Contraman is right but they may do more than just talk, they may throw in a token regulation or two that will only affect a small fraction of the market but give the appearance that consumer protection and forclosure protective measures were enacted. Something that will appease certain interest groups like advocates for the poor. My guess is that they will limit prepayment penalties but put the limit at where 95% of subprime loans are already in compliance. Something where the media will be able to find at least one family to interview that would have been protected. Average joe can watch 60 minutes and see that regulations would have saved the smith family and they will give it a cute name like the “predatory lending act.”

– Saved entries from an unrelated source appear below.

theory Submission
  imports Defs
begin

(* Let G' be a subgraph without d-removable vertex and H the set of its vertices of degree > d.
   Every other vertex w has degree <= d and therefore at least two neighbours p w, q w in H.
   Contracting the stars {x} + {w. p w = x} (x in H) gives a depth-1 minor of G on H.
   For x in H, send the neighbour w of x to w if w is in H, else to p w, or to q w if p w = x;
   this is a minor neighbour y of x, and it is hit only by y itself and by common neighbours of
   x and y, of which K_{2,s}-freeness allows fewer than s. Summing over H,
   (d + 1) |H| <= sum of degrees <= 2 s e(minor) <= 2 s nabla_1(G) |H|,
   which contradicts d = floor (2 s nabla_1(G)). *)

lemma sgraphD:
  assumes "sgraph V E"
  shows "finite V" and "E x y \<Longrightarrow> x \<noteq> y" and "E x y \<Longrightarrow> E y x"
  using assms unfolding sgraph_def by blast+

lemma card_le_mult_card_image:
  assumes "finite A" and "\<And>y. y \<in> f ` A \<Longrightarrow> card {x \<in> A. f x = y} \<le> k"
  shows "card A \<le> card (f ` A) * k"
proof -
  have "card A = (\<Sum>y\<in>f ` A. card {x \<in> A. f x = y})"
    unfolding card_eq_sum by (rule sum.image_gen[OF assms(1)])
  also have "\<dots> \<le> (\<Sum>y\<in>f ` A. k)"
    using assms(2) by (rule sum_mono)
  finally show ?thesis by simp
qed

lemma sum_degree_le_twice_num_edges:
  assumes "sgraph W F"
  shows "(\<Sum>x\<in>W. degree W F x) \<le> 2 * num_edges F"
proof -
  define arcs where "arcs = Sigma W (\<lambda>x. {y \<in> W. F x y})"
  define ends where "ends p = {fst p, snd p}" for p :: "'a \<times> 'a"
  have fin: "finite W"
    using sgraphD(1)[OF assms] .
  have edges: "ends ` arcs = {{x, y} | x y. F x y}"
    using assms unfolding arcs_def ends_def sgraph_def by force
  have "(\<Sum>x\<in>W. degree W F x) = card arcs"
    unfolding degree_def arcs_def using fin by (simp add: card_SigmaI)
  also have "\<dots> \<le> num_edges F * 2"
    unfolding num_edges_def edges[symmetric]
  proof (rule card_le_mult_card_image)
    show "finite arcs" using fin by (simp add: arcs_def)
    fix e assume "e \<in> ends ` arcs"
    then obtain a b where e: "e = {a, b}" by (auto simp: ends_def)
    have "{p \<in> arcs. ends p = e} \<subseteq> {(a, b), (b, a)}"
      unfolding e ends_def by (auto simp: doubleton_eq_iff)
    then have "card {p \<in> arcs. ends p = e} \<le> card {(a, b), (b, a)}"
      by (intro card_mono) simp_all
    also have "\<dots> \<le> 2"
      by (simp add: card_insert_le_m1)
    finally show "card {p \<in> arcs. ends p = e} \<le> 2" .
  qed
  finally show ?thesis by simp
qed

lemma finite_shallow_minor_densities:
  assumes "finite V"
  shows "finite {real (num_edges F) / real (card W) | C B W F. shallow_minor_data r V E C B W F}"
proof -
  have "{real (num_edges F) / real (card W) | C B W F. shallow_minor_data r V E C B W F}
     \<subseteq> (\<lambda>(m, k). real m / real k) ` ({..(2::nat) ^ card V} \<times> {..card V})"
  proof clarify
    fix C B W F assume minor: "shallow_minor_data r V E C B W F"
    then have WV: "W \<subseteq> V" and "sgraph W F"
      unfolding shallow_minor_data_def by blast+
    then have "{{x, y} | x y. F x y} \<subseteq> Pow W"
      unfolding sgraph_def by blast
    then have "num_edges F \<le> card (Pow W)"
      unfolding num_edges_def using assms WV by (intro card_mono) (auto intro: finite_subset)
    also have "\<dots> \<le> 2 ^ card V"
      using card_mono[OF assms WV] assms WV by (simp add: card_Pow finite_subset power_increasing)
    finally have "num_edges F \<le> 2 ^ card V" .
    moreover have "card W \<le> card V"
      using card_mono[OF assms WV] .
    ultimately show "real (num_edges F) / real (card W)
        \<in> (\<lambda>(m, k). real m / real k) ` ({..(2::nat) ^ card V} \<times> {..card V})"
      by (intro image_eqI[where x = "(num_edges F, card W)"]) auto
  qed
  then show ?thesis
    by (rule finite_subset) auto
qed

lemma density_le_nabla:
  assumes "finite V" and "shallow_minor_data r V E C B W F"
  shows "real (num_edges F) / real (card W) \<le> nabla r V E"
  unfolding nabla_def
  by (rule Max_ge[OF finite_shallow_minor_densities[OF assms(1)]]) (use assms(2) in blast)

lemma le_nabla_if_dense_minor:
  assumes "finite V" and minor: "shallow_minor_data r V E C B W F"
    and dense: "k * card W \<le> m * num_edges F"
  shows "real k \<le> real m * nabla r V E"
proof -
  have "W \<noteq> {}" "sgraph W F"
    using minor unfolding shallow_minor_data_def by blast+
  then have "real (card W) > 0"
    using sgraphD(1) by (simp add: card_gt_0_iff)
  moreover have "real k * real (card W) \<le> real m * real (num_edges F)"
    using dense by (metis of_nat_le_iff of_nat_mult)
  ultimately have "real k \<le> real m * (real (num_edges F) / real (card W))"
    by (simp add: field_simps)
  also have "\<dots> \<le> real m * nabla r V E"
    using density_le_nabla[OF assms(1) minor] by (intro mult_left_mono) simp_all
  finally show ?thesis .
qed

lemma dist_le_mono:
  assumes "\<And>x y. E' x y \<Longrightarrow> E x y" and "dist_le S E' c v r"
  shows "dist_le S E c v r"
  using assms unfolding dist_le_def by blast

lemma shallow_minor_data_subgraph:
  assumes "subgraph V' E' V E" and minor: "shallow_minor_data r V' E' C B W F"
  shows "shallow_minor_data r V E C B W F"
proof -
  have V'V: "V' \<subseteq> V" and E'E: "\<And>x y. E' x y \<Longrightarrow> E x y"
    using assms(1) unfolding subgraph_def by blast+
  have "c \<in> B c \<and> B c \<subseteq> V \<and> (\<forall>v\<in>B c. dist_le (B c) E c v r)" if "c \<in> C" for c
    using minor that V'V dist_le_mono[of E' E, OF E'E] unfolding shallow_minor_data_def
    by (metis subset_trans)
  moreover have "\<exists>x\<in>B c. \<exists>y\<in>B c'. E x y" if "F c c'" for c c'
    using minor that E'E unfolding shallow_minor_data_def by metis
  ultimately show ?thesis
    using minor unfolding shallow_minor_data_def by auto
qed

lemma K2s_free_subgraph:
  assumes "subgraph V' E' V E" and "K2s_free s V E"
  shows "K2s_free s V' E'"
  unfolding K2s_free_def
proof (intro notI, elim exE conjE)
  fix a b S
  assume "a \<in> V'" "b \<in> V'" "a \<noteq> b" "S \<subseteq> V' - {a, b}" "card S = s" "finite S"
    and "\<forall>x\<in>S. E' a x \<and> E' b x"
  moreover have "V' \<subseteq> V" and "\<And>x y. E' x y \<Longrightarrow> E x y"
    using assms(1) unfolding subgraph_def by blast+
  ultimately have "a \<in> V" "b \<in> V" "S \<subseteq> V - {a, b}" "\<forall>x\<in>S. E a x \<and> E b x"
    by blast+
  then show False
    using assms(2) \<open>a \<noteq> b\<close> \<open>card S = s\<close> \<open>finite S\<close> unfolding K2s_free_def by blast
qed

lemma K2s_free_common_neighbours:
  assumes G: "sgraph V E" and "K2s_free s V E" and "a \<in> V" "b \<in> V" "a \<noteq> b"
  shows "card {w \<in> V. E a w \<and> E b w} < s"
proof (rule ccontr)
  assume "\<not> ?thesis"
  then obtain S where S: "S \<subseteq> {w \<in> V. E a w \<and> E b w}" "card S = s"
    by (meson not_less obtain_subset_with_card_n)
  then have "finite S" "S \<subseteq> V - {a, b}"
    using sgraphD(1,2)[OF G] by (auto intro: finite_subset)
  then show False
    using assms S unfolding K2s_free_def by blast
qed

In 1999 or 2000 congress passed a law about PMI protection, I was a victim of a PMI dispute at the time and followed the law while it made it’s was through the process. I had bought a house with 10% down and my lender agreed in writing that as soon as my equity exceeded 20% they would drop the PMI but there was a one year minimum of PMI, since I dropped a deposit and secured the price six months before closing and prices were going up rapidly the price had almost gone up 10% by the time I moved in. I paid an appraiser of their choice at my one year anniversary of the loan who determined I had more than 30% equity, but the lender said that they changed the rule to 2 years minimum regardless of equity (of course after I paid the appraiser). The PMI law was passed but it had a clause that only loans originated after the law was enacted were eligible for the new rule. They don’t pass laws that cost financial institutions money and will allow them to price in the new rules.
My guess is that whatever the market mostly eliminates on it’s own, they will conveniently decide that will be what they make a rule about.